Ce qui s’est joué autour de ce projet de constitution dépasse d’ailleurs largement sa personne. Dès le départ, les critiques sont venues de toutes parts. Les partis d’opposition ont multiplié les objections. Les syndicats ont exprimé leurs inquiétudes. Les Premières Nations ont dénoncé l’absence d’une reconnaissance à la hauteur de leur statut et de leurs droits. Plusieurs organismes ont également soulevé des préoccupations concernant certains droits fondamentaux.
La mobilisation qui s’est construite contre ce projet était remarquable par sa diversité. On y retrouvait les Premières Nations, la Fédération des femmes du Québec, le Barreau du Québec, la Ligue des droits et libertés, des universitaires, des artistes, des militants et des intellectuels comme Roméo Bouchard et Christian Lapointe. Tous ne partageaient pas la même vision du Québec. Beaucoup étaient même en désaccord sur de nombreuses questions. Pourtant, ils se retrouvaient autour d’un principe simple. Une constitution ne peut être écrite par un seul gouvernement pour ensuite être présentée à la société comme un fait accompli.
C’est probablement là la véritable leçon de cette histoire. La démocratie ne se résume pas au pouvoir de la majorité. Elle repose aussi sur la capacité d’une société civile à se lever lorsque les enjeux fondamentaux sont en cause. Cette fois-ci, elle l’a fait. Et elle a été entendue.

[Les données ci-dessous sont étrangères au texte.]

lemma xint_continuous_vanishing_outside_cbox:
  fixes h :: "'n::finite pt \<Rightarrow> real"
  assumes c: "continuous_on UNIV h" and z: "\<And>s t x. x \<notin> cbox a b \<Longrightarrow> h (s, t, x) = 0"
  shows "integrable lborel (\<lambda>x. h (s, t, x))"
    and "xint h s t = integral (cbox a b) (\<lambda>x. h (s, t, x))"
    and "continuous_on UNIV (\<lambda>z. xint h (fst z) (snd z))"
proof -
  have cs: "continuous_on UNIV (\<lambda>x. h (s, t, x))" for s t
    by (rule continuous_on_compose2[OF c]) (auto intro!: continuous_intros)
  show "integrable lborel (\<lambda>x. h (s, t, x))"
    by (rule lborel_integral_vanishing_outside_cbox(1)[OF cs z])
  have eq: "xint h s t = integral (cbox a b) (\<lambda>x. h (s, t, x))" for s t
    unfolding xint_def by (rule lborel_integral_vanishing_outside_cbox(2)[OF cs z])
  then show "xint h s t = integral (cbox a b) (\<lambda>x. h (s, t, x))" .
  have "continuous_on UNIV (\<lambda>w::(real \<times> real) \<times> (real^'n). h (fst (fst w), snd (fst w), snd w))"
    by (rule continuous_on_compose2[OF c]) (auto intro!: continuous_intros)
  then have "continuous_on UNIV (\<lambda>z. integral (cbox a b) (\<lambda>x. h (fst z, snd z, x)))"
    by (intro integral_continuous_on_param) (auto simp: case_prod_unfold intro: continuous_on_subset)
  then show "continuous_on UNIV (\<lambda>z. xint h (fst z) (snd z))"
    by (simp add: eq)
qed

lemma xint_add:
  assumes "integrable lborel (\<lambda>x. f (s, t, x))" "integrable lborel (\<lambda>x. g (s, t, x))"
  shows "xint (\<lambda>p. f p + g p) s t = xint f s t + xint g s t"
  unfolding xint_def using assms by simp

lemma xint_diff:
  assumes "integrable lborel (\<lambda>x. f (s, t, x))" "integrable lborel (\<lambda>x. g (s, t, x))"
  shows "xint (\<lambda>p. f p - g p) s t = xint f s t - xint g s t"
  unfolding xint_def using assms by simp

lemma xint_cmult: "xint (\<lambda>p. c * f p) s t = c * xint f s t"
  unfolding xint_def by simp

lemma xint_cong: "(\<And>x. f (s, t, x) = g (s, t, x)) \<Longrightarrow> xint f s t = xint g s t"
  unfolding xint_def by simp

lemma grad_nth: "grad f p $ i = pd (0, 0, axis i 1) f p"
  by (simp add: grad_def)

lemma C1_on_grad: "C2_on U f \<Longrightarrow> C1_on U (\<lambda>p. grad f p $ i)"
  unfolding grad_nth by (rule C2_on_C1_on_pd)

lemma C1_on_inner_grad:
  assumes "C2_on U f" "C2_on U g"
  shows "C1_on U (\<lambda>p. grad f p \<bullet> grad g p)"
proof -
  have "C1_on U (\<lambda>p. \<Sum>i\<in>UNIV. grad f p $ i * grad g p $ i)"
    by (intro C1_on_sum C1_on_mult C1_on_grad assms)
  then show ?thesis
    by (simp add: inner_vec_def)
qed

lemma C1_on_scaleR_grad: "C1_on U \<rho> \<Longrightarrow> C2_on U f \<Longrightarrow> C1_on U (\<lambda>q. (\<rho> q *\<^sub>R grad f q) $ i)"
  by (simp add: C1_on_mult C1_on_grad)

lemma pd_add_cmult:
  assumes "p \<in> U" "C1_on U f" "C1_on U g"
  shows "pd v (\<lambda>q. f q + e * g q) p = pd v f p + e * pd v g p"
  using assms by (simp add: pd_add pd_cmult C1_on_differentiable differentiable_mult)

lemma grad_add_cmult:
  assumes "p \<in> U" "C1_on U f" "C1_on U g"
  shows "grad (\<lambda>q. f q + e * g q) p = grad f p + e *\<^sub>R grad g p"
  unfolding grad_def using pd_add_cmult[OF assms] by (simp add: vec_eq_iff)

lemma continuous_on_divg: "(\<And>i. C1_on U (\<lambda>q. V q $ i)) \<Longrightarrow> continuous_on U (divg V)"
  unfolding divg_def[abs_def] by (intro continuous_on_sum C1_on_continuous_on_pd) auto

lemma divg_add_scaleR:
  assumes "p \<in> U" "\<And>i. C1_on U (\<lambda>q. V q $ i)" "\<And>i. C1_on U (\<lambda>q. W q $ i)"
  shows "divg (\<lambda>q. V q + e *\<^sub>R W q) p = divg V p + e * divg W p"
  using pd_add_cmult[OF assms(1) assms(2,3)] by (simp add: divg_def sum.distrib sum_distrib_left)

lemma divg_cong_open:
  assumes "open U" "p \<in> U" "\<And>q. q \<in> U \<Longrightarrow> V q = W q"
  shows "divg V p = divg W p"
  unfolding divg_def by (intro sum.cong refl pd_cong_open[OF assms(1,2)]) (simp add: assms(3))

lemma divg_eq_0_outside:
  assumes "compact K" "\<And>q. q \<notin> K \<Longrightarrow> V q = 0" "p \<notin> K"
  shows "divg V p = 0"
  unfolding divg_def using pd_eq_0_outside[OF assms(1) _ assms(3)] assms(2) by simp

lemma divg_scaleR_grad_add_cmult:
  assumes "p \<in> Dom" "C1_on Dom \<rho>" "C2_on Dom \<Psi>" "C2_on Dom \<eta>"
  shows "divg (\<lambda>q. \<rho> q *\<^sub>R grad (\<lambda>p. \<Psi> p + e * \<eta> p) q) p
       = divg (\<lambda>q. \<rho> q *\<^sub>R grad \<Psi> q) p + e * divg (\<lambda>q. \<rho> q *\<^sub>R grad \<eta> q) p"
proof -
  have "divg (\<lambda>q. \<rho> q *\<^sub>R grad (\<lambda>p. \<Psi> p + e * \<eta> p) q) p
      = divg (\<lambda>q. \<rho> q *\<^sub>R grad \<Psi> q + e *\<^sub>R (\<rho> q *\<^sub>R grad \<eta> q)) p"
    using assms by (intro divg_cong_open[OF open_Dom assms(1)])
      (simp add: grad_add_cmult C2_on_C1_on algebra_simps)
  also have "\<dots> = divg (\<lambda>q. \<rho> q *\<^sub>R grad \<Psi> q) p + e * divg (\<lambda>q. \<rho> q *\<^sub>R grad \<eta> q) p"
    using assms by (intro divg_add_scaleR C1_on_scaleR_grad)
  finally show ?thesis .
qed

lemma divg_add_cmult_scaleR_grad:
  assumes "p \<in> Dom" "C1_on Dom \<rho>" "C1_on Dom \<eta>" "C2_on Dom f"
  shows "divg (\<lambda>q. (\<rho> q + e * \<eta> q) *\<^sub>R grad f q) p
       = divg (\<lambda>q. \<rho> q *\<^sub>R grad f q) p + e * divg (\<lambda>q. \<eta> q *\<^sub>R grad f q) p"
proof -
  have "(\<lambda>q. (\<rho> q + e * \<eta> q) *\<^sub>R grad f q) = (\<lambda>q. \<rho> q *\<^sub>R grad f q + e *\<^sub>R (\<eta> q *\<^sub>R grad f q))"
    by (auto simp: fun_eq_iff algebra_simps)
  then show ?thesis
    using assms by (simp only:) (intro divg_add_scaleR C1_on_scaleR_grad)
qed

lemma grad_eq_0_outside:
  assumes "compact K" "\<And>q. q \<notin> K \<Longrightarrow> f q = 0" "p \<notin> K"
  shows "grad f p = 0"
  unfolding grad_def using pd_eq_0_outside[OF assms] by (simp add: vec_eq_iff)

text \<open>Integration by parts in \<open>x\<close>: apply the previous lemma to each product \<open>\<Phi> W\<^sub>i\<close>.\<close>
lemma xint_divg_by_parts:
  fixes \<Phi> :: "'n::finite pt \<Rightarrow> real" and W :: "'n pt \<Rightarrow> real^'n"
  assumes st: "s \<in> {0<..<1}" "t \<in> {0<..<1}"
    and C\<Phi>: "C1_on Dom \<Phi>" and CW: "\<And>i. C1_on Dom (\<lambda>q. W q $ i)"
    and K: "compact K" "K \<subseteq> Dom" and box: "\<And>p. p \<in> K \<Longrightarrow> snd (snd p) \<in> cbox a b"
    and supp: "(\<forall>p. p \<notin> K \<longrightarrow> \<Phi> p = 0) \<or> (\<forall>p. p \<notin> K \<longrightarrow> W p = 0)"
  shows "xint (\<lambda>p. \<Phi> p * divg W p) s t + xint (\<lambda>p. grad \<Phi> p \<bullet> W p) s t = 0"
proof -
  define e where "e i = ((0::real), (0::real), axis i (1::real) :: real^'n)" for i
  define F where "F i q = \<Phi> q * W q $ i" for i q
  define L where "L i p = pd (e i) \<Phi> p * W p $ i" for i p
  define R where "R i p = \<Phi> p * pd (e i) (\<lambda>q. W q $ i) p" for i p
  have CF: "C1_on Dom (F i)" for i
    unfolding F_def by (intro C1_on_mult C\<Phi> CW)
  have vanish: "(\<Phi> p = 0 \<and> pd (e i) \<Phi> p = 0) \<or> (W p $ i = 0 \<and> pd (e i) (\<lambda>q. W q $ i) p = 0)"
    if "p \<notin> K" for i p
  proof (cases "\<forall>p. p \<notin> K \<longrightarrow> \<Phi> p = 0")
    case True
    then have "\<And>q. q \<notin> K \<Longrightarrow> \<Phi> q = 0"
      by blast
    then show ?thesis
      using that pd_eq_0_outside[OF K(1), of \<Phi>] by blast
  next
    case False
    then have "\<And>q. q \<notin> K \<Longrightarrow> W q $ i = 0"
      using supp by auto
    then show ?thesis
      using that pd_eq_0_outside[OF K(1), of "\<lambda>q. W q $ i"] by blast
  qed
  have outside: "F i p = 0" "L i p = 0" "R i p = 0" if "p \<notin> K" for i p
    using vanish[OF that, of i] by (auto simp: F_def L_def R_def)
  have pdF: "pd (e i) (F i) p = L i p + R i p" if "p \<in> Dom" for i p
    unfolding F_def L_def R_def using that by (intro pd_mult C1_on_differentiable[OF C\<Phi>] C1_on_differentiable[OF CW])
  have notK: "(s', t', x) \<notin> K" if "x \<notin> cbox a b" for x s' t'
    using box that by force
  have cont_Dom: "continuous_on Dom (F i)" "continuous_on Dom (L i)" "continuous_on Dom (R i)"
    "continuous_on Dom (pd (e i) (F i))" for i
    unfolding L_def R_def
    by (intro continuous_intros C1_on_continuous_on_pd C1_on_continuous_on C\<Phi> CW CF)+
  have cont: "continuous_on UNIV (F i)" "continuous_on UNIV (L i)" "continuous_on UNIV (R i)"
    "continuous_on UNIV (pd (e i) (F i))" for i
    using continuous_on_UNIV_vanishing_outside[OF open_Dom cont_Dom(1) K outside(1)]
      continuous_on_UNIV_vanishing_outside[OF open_Dom cont_Dom(2) K outside(2)]
      continuous_on_UNIV_vanishing_outside[OF open_Dom cont_Dom(3) K outside(3)]
      continuous_on_UNIV_vanishing_outside[OF open_Dom cont_Dom(4) K pd_eq_0_outside[OF K(1) outside(1)]]
    by blast+
  have int: "integrable lborel (\<lambda>x. L i (s, t, x))" "integrable lborel (\<lambda>x. R i (s, t, x))" for i
    using notK outside
    by (blast intro: xint_continuous_vanishing_outside_cbox(1)[of _ a b] cont)+
  have int0: "integral\<^sup>L lborel (\<lambda>x. pd (e i) (F i) (s, t, x)) = 0" for i
  proof (rule lborel_integral_directional_derivative_eq_0[where u="axis i 1" and a=a and b=b])
    show "((\<lambda>h. F i (s, t, x + h *\<^sub>R axis i 1)) has_real_derivative pd (e i) (F i) (s, t, x)) (at 0)" for x
      using pd_has_real_derivative[OF C1_on_differentiable[OF CF], where p="(s, t, x)" and v="e i"] st
      by (simp add: e_def)
    show "continuous_on UNIV (\<lambda>x. F i (s, t, x))" "continuous_on UNIV (\<lambda>x. pd (e i) (F i) (s, t, x))"
      by (rule continuous_on_compose2[OF cont(1)] continuous_on_compose2[OF cont(4)];
          auto intro!: continuous_intros)+
    show "F i (s, t, x) = 0" "pd (e i) (F i) (s, t, x) = 0" if "x \<notin> cbox a b" for x
      using outside notK[OF that] pd_eq_0_outside[OF K(1)] by blast+
  qed (simp add: e_def)
  have "xint (\<lambda>p. \<Phi> p * divg W p) s t + xint (\<lambda>p. grad \<Phi> p \<bullet> W p) s t
      = (\<Sum>i\<in>UNIV. integral\<^sup>L lborel (\<lambda>x. R i (s, t, x))) + (\<Sum>i\<in>UNIV. integral\<^sup>L lborel (\<lambda>x. L i (s, t, x)))"
    unfolding xint_def
    by (simp add: divg_def grad_def inner_vec_def e_def L_def R_def sum_distrib_left
        Bochner_Integration.integral_sum int[unfolded L_def R_def e_def])
  also have "\<dots> = (\<Sum>i\<in>UNIV. integral\<^sup>L lborel (\<lambda>x. pd (e i) (F i) (s, t, x)))"
    using st by (simp add: sum.distrib[symmetric] pdF int add.commute)
  also have "\<dots> = 0"
    by (simp add: int0)
  finally show ?thesis .
qed

lemma G_commute: "G f g \<rho> s t = G g f \<rho> s t"
  unfolding G_def by (simp add: inner_commute)

lemma Bcost_commute: "Bcost \<Psi>s \<Psi>t \<rho> s t = Bcost \<Psi>t \<Psi>s \<rho> s t"
  unfolding Bcost_def by (simp add: G_commute[of \<Psi>s \<Psi>t] mult.commute)

lemma Bcost_squared:
  assumes "Bcost \<Psi>s \<Psi>t \<rho> s t > 0"
  shows "(Bcost \<Psi>s \<Psi>t \<rho> s t)\<^sup>2 = G \<Psi>s \<Psi>s \<rho> s t * G \<Psi>t \<Psi>t \<rho> s t - (G \<Psi>s \<Psi>t \<rho> s t)\<^sup>2"
  using assms unfolding Bcost_def by (cases "G \<Psi>s \<Psi>s \<rho> s t * G \<Psi>t \<Psi>t \<rho> s t - (G \<Psi>s \<Psi>t \<rho> s t)\<^sup>2 > 0") auto

section \<open>First variation of integrals over the unit square\<close>

abbreviation open_square :: "(real \<times> real) set" where
  "open_square \<equiv> {0<..<1} \<times> {0<..<1}"

lemma iterated_integral_cong_open_square:
  fixes F F' :: "real \<Rightarrow> real \<Rightarrow> real"
  assumes "\<And>s t. s \<in> {0<..<1} \<Longrightarrow> t \<in> {0<..<1} \<Longrightarrow> F s t = F' s t"
  shows "(LINT s:{0..1}|lborel. LINT t:{0..1}|lborel. F s t)
       = (LINT s:{0..1}|lborel. LINT t:{0..1}|lborel. F' s t)"
proof -
  have ends: "(LINT t:{0..1}|lborel. f t) = (LINT t:{0<..<1}|lborel. f t)" for f :: "real \<Rightarrow> real"
    by (rule set_integral_discrete_difference[where X="{0, 1}"]) auto
  show ?thesis
    unfolding ends by (intro set_lebesgue_integral_cong allI impI assms) auto
qed

lemma iterated_set_integral_Times:
  fixes f :: "real \<times> real \<Rightarrow> real"
  assumes "set_integrable lborel (A \<times> B) f"
  shows "(LINT s:A|lborel. LINT t:B|lborel. f (s, t)) = (LINT z:A \<times> B|lborel. f z)"
proof -
  have "integrable (lborel \<Otimes>\<^sub>M lborel) (\<lambda>z. indicator (A \<times> B) z *\<^sub>R f z)"
    using assms by (simp add: set_integrable_def lborel_prod)
  from lborel_pair.integral_fst'[OF this] show ?thesis
    by (simp add: set_lebesgue_integral_def lborel_prod indicator_times mult.assoc)
qed

lemma has_real_derivative_quadratic_remainder:
  fixes L :: "real \<Rightarrow> real"
  assumes "\<delta> > 0" and remainder: "\<And>e. \<bar>e\<bar> \<le> \<delta> \<Longrightarrow> \<bar>L e - L 0 - e * D\<bar> \<le> M * e\<^sup>2"
  shows "(L has_real_derivative D) (at 0)"
proof -
  have "\<forall>\<^sub>F e in at 0. norm ((L e - L 0) / e - D) \<le> M * \<bar>e\<bar>"
    unfolding eventually_at
  proof (intro exI[of _ \<delta>] conjI ballI impI)
    fix e :: real
    assume "e \<noteq> 0 \<and> dist e 0 < \<delta>"
    then have e: "e \<noteq> 0" "\<bar>e\<bar> \<le> \<delta>"
      by auto
    have "norm ((L e - L 0) / e - D) = \<bar>L e - L 0 - e * D\<bar> / \<bar>e\<bar>"
      using e(1) by (simp add: field_simps)
    also have "\<dots> \<le> M * e\<^sup>2 / \<bar>e\<bar>"
      by (rule divide_right_mono[OF remainder[OF e(2)]]) simp
    also have "\<dots> = M * \<bar>e\<bar>"
      using e(1) by (simp add: power2_eq_square field_simps)
    finally show "norm ((L e - L 0) / e - D) \<le> M * \<bar>e\<bar>" .
  qed (rule assms(1))
  moreover have "((\<lambda>e. M * \<bar>e\<bar>) \<longlongrightarrow> 0) (at 0)"
    by (rule tendsto_eq_intros tendsto_ident_at | simp)+
  ultimately have "((\<lambda>e. (L e - L 0) / e - D) \<longlongrightarrow> 0) (at 0)"
    by (rule Lim_null_comparison)
  then have "((\<lambda>e. ((L e - L 0) / e - D) + D) \<longlongrightarrow> 0 + D) (at 0)"
    by (intro tendsto_add tendsto_const)
  then have "((\<lambda>e. (L e - L 0) / (e - 0)) \<longlongrightarrow> D) (at 0)"
    by simp
  then show ?thesis
    by (simp add: has_field_derivative_iff)
qed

Alors oui, pendant qu’à Rabat les amateurs de football avaient les yeux rivés sur la pelouse où s’affrontaient le Mexique et l’Afrique du Sud, un autre match se jouait à des milliers de kilomètres de là. Un match moins bruyant, moins spectaculaire, mais autrement plus important pour l’avenir des institutions québécoises. Et lorsque le coup de sifflet final a retenti, ce n’est pas un homme qui avait gagné contre un autre.
C’est l’idée même de la démocratie, au Québec, qui a marqué un but.